Tender prices fell by 17.2% over the last twelve months, according to new figures from the Society of Chartered Surveyors.

The index for the second half of 2009 shows prices decreased of 7.5%. The figures also show that by the end of the year tender prices had fallen 29% from their peak in the first half of 2007.

Chairman of the Quantity Surveyors Division of the SCS, Micheal O’Connor said the figures showed that the trend in below cost tendering was continuing and he warned that this could not continue.

Image: TENDERPRICESX620
The graph illustrates the dramatic fall in tender prices since they peaked in the first half of 2007

“The index records tender prices every six months and this is the fifth straight decline in a row. While there was a need for a correction, the continuous fall in tender prices and the extent of those falls year on year is forcing firms to take on jobs at below cost," he said. 

"This situation is not sustainable for any period and we are seeing that with the amount of firms going out of business and the catastrophic rise in unemployment in throughout this sector,” he added. 
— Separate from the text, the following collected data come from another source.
fun eval :: "graph \<Rightarrow> (nat \<Rightarrow> nat) \<Rightarrow> cfo \<Rightarrow> bool" where
  "eval G \<alpha> CTrue = True"
| "eval G \<alpha> (Pred i z) = (i < length (lab G (\<alpha> z)) \<and> lab G (\<alpha> z) ! i)"
| "eval G \<alpha> (Edge z z') = ((\<alpha> z, \<alpha> z') \<in> edges G)"
| "eval G \<alpha> (Eq z z') = (\<alpha> z = \<alpha> z')"
| "eval G \<alpha> (Neg \<phi>) = (\<not> eval G \<alpha> \<phi>)"
| "eval G \<alpha> (Conj \<phi> \<psi>) = (eval G \<alpha> \<phi> \<and> eval G \<alpha> \<psi>)"
| "eval G \<alpha> (CEx k z \<phi>) = (k \<le> card {u \<in> verts G. eval G (\<alpha>(z := u)) \<phi>})"

fun free_vars :: "cfo \<Rightarrow> nat set" where
  "free_vars CTrue = {}"
| "free_vars (Pred i z) = {z}"
| "free_vars (Edge z z') = {z, z'}"
| "free_vars (Eq z z') = {z, z'}"
| "free_vars (Neg \<phi>) = free_vars \<phi>"
| "free_vars (Conj \<phi> \<psi>) = free_vars \<phi> \<union> free_vars \<psi>"
| "free_vars (CEx k z \<phi>) = free_vars \<phi> - {z}"

fun all_vars :: "cfo \<Rightarrow> nat set" where
  "all_vars CTrue = {}"
| "all_vars (Pred i z) = {z}"
| "all_vars (Edge z z') = {z, z'}"
| "all_vars (Eq z z') = {z, z'}"
| "all_vars (Neg \<phi>) = all_vars \<phi>"
| "all_vars (Conj \<phi> \<psi>) = all_vars \<phi> \<union> all_vars \<psi>"
| "all_vars (CEx k z \<phi>) = insert z (all_vars \<phi>)"

fun is_FO :: "cfo \<Rightarrow> bool" where
  "is_FO (Neg \<phi>) = is_FO \<phi>"
| "is_FO (Conj \<phi> \<psi>) = (is_FO \<phi> \<and> is_FO \<psi>)"
| "is_FO (CEx k z \<phi>) = (k = 1 \<and> is_FO \<phi>)"
| "is_FO _ = True"

text \<open>C2: only the two variables 0 (= x) and 1 (= y), arbitrary counting quantifiers.\<close>
definition is_C2 :: "cfo \<Rightarrow> bool" where
  "is_C2 \<phi> \<longleftrightarrow> all_vars \<phi> \<subseteq> {0, 1}"

definition expresses :: "nat \<Rightarrow> cfo \<Rightarrow> node_classifier \<Rightarrow> bool" where
  "expresses d \<phi> cls \<longleftrightarrow> free_vars \<phi> \<subseteq> {0} \<and>
     (\<forall>G. wf_graph d G \<longrightarrow> (\<forall>v\<in>verts G. \<forall>\<alpha>. \<alpha> 0 = v \<longrightarrow> (eval G \<alpha> \<phi> \<longleftrightarrow> cls G v)))"

definition FO_expressible :: "nat \<Rightarrow> node_classifier \<Rightarrow> bool" where
  "FO_expressible d cls \<longleftrightarrow> (\<exists>\<phi>. is_FO \<phi> \<and> expresses d \<phi> cls)"

definition C2_expressible :: "nat \<Rightarrow> node_classifier \<Rightarrow> bool" where
  "C2_expressible d cls \<longleftrightarrow> (\<exists>\<phi>. is_C2 \<phi> \<and> expresses d \<phi> cls)"

record layer =
  agg_in  :: "real list multiset \<Rightarrow> real list"
  agg_out :: "real list multiset \<Rightarrow> real list"
  comb    :: "real list \<Rightarrow> real list \<Rightarrow> real list \<Rightarrow> real list \<Rightarrow> real list"
  readout :: "real list multiset \<Rightarrow> real list"

definition fixed_dims :: "layer \<Rightarrow> bool" where
  "fixed_dims L \<longleftrightarrow> (\<exists>a. \<forall>M. length (agg_in L M) = a) \<and> (\<exists>a. \<forall>M. length (agg_out L M) = a)
     \<and> (\<exists>a. \<forall>M. length (readout L M) = a) \<and> (\<exists>a. \<forall>x y z w. length (comb L x y z w) = a)"

definition in_nbrs :: "graph \<Rightarrow> nat \<Rightarrow> nat set" where
  "in_nbrs G v = {w \<in> verts G. (w, v) \<in> edges G}"

definition out_nbrs :: "graph \<Rightarrow> nat \<Rightarrow> nat set" where
  "out_nbrs G v = {w \<in> verts G. (v, w) \<in> edges G}"

definition layer_step :: "graph \<Rightarrow> layer \<Rightarrow> (nat \<Rightarrow> real list) \<Rightarrow> (nat \<Rightarrow> real list)" where
  "layer_step G L f = (\<lambda>v. comb L (f v)
      (agg_in L (image_mset f (mset_set (in_nbrs G v))))
      (agg_out L (image_mset f (mset_set (out_nbrs G v))))
      (readout L (image_mset f (mset_set (verts G)))))"

fun run_layers :: "graph \<Rightarrow> layer list \<Rightarrow> (nat \<Rightarrow> real list) \<Rightarrow> (nat \<Rightarrow> real list)" where
  "run_layers G [] f = f"
| "run_layers G (L # Ls) f = run_layers G Ls (layer_step G L f)"

definition init_features :: "graph \<Rightarrow> nat \<Rightarrow> real list" where
  "init_features G v = map (\<lambda>b. if b then 1 else 0) (lab G v)"

definition ACR_expressible :: "nat \<Rightarrow> node_classifier \<Rightarrow> bool" where
  "ACR_expressible d cls \<longleftrightarrow> (\<exists>(Ls :: layer list) (c :: real list \<Rightarrow> bool).
     (\<forall>L\<in>set Ls. fixed_dims L) \<and>
     (\<forall>G. wf_graph d G \<longrightarrow> (\<forall>v\<in>verts G. c (run_layers G Ls (init_features G) v) = cls G v)))"

definition phi_Lin :: node_classifier where
  "phi_Lin G v \<longleftrightarrow> strict_linear_order_on (verts G) (edges G)"

end

theory Submission
  imports Defs
begin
The SCS has been calling on the government to take advantage of the lower prices and invest in public infrastructural projects. The Society also urged the government to appoint a Chief Adviser to co-ordinate the industry.

“These figures show it is an excellent time to embark on a building project. Unfortunately there is very little private sector investment at the moment and the Government has chosen to cut back on the public capital programme,” O’Connor said.

“Unless swift, imaginative action is taken now the sector will continue to haemorrhage jobs and we will lose the skills and expertise we have built up over the last fifteen years,” he added.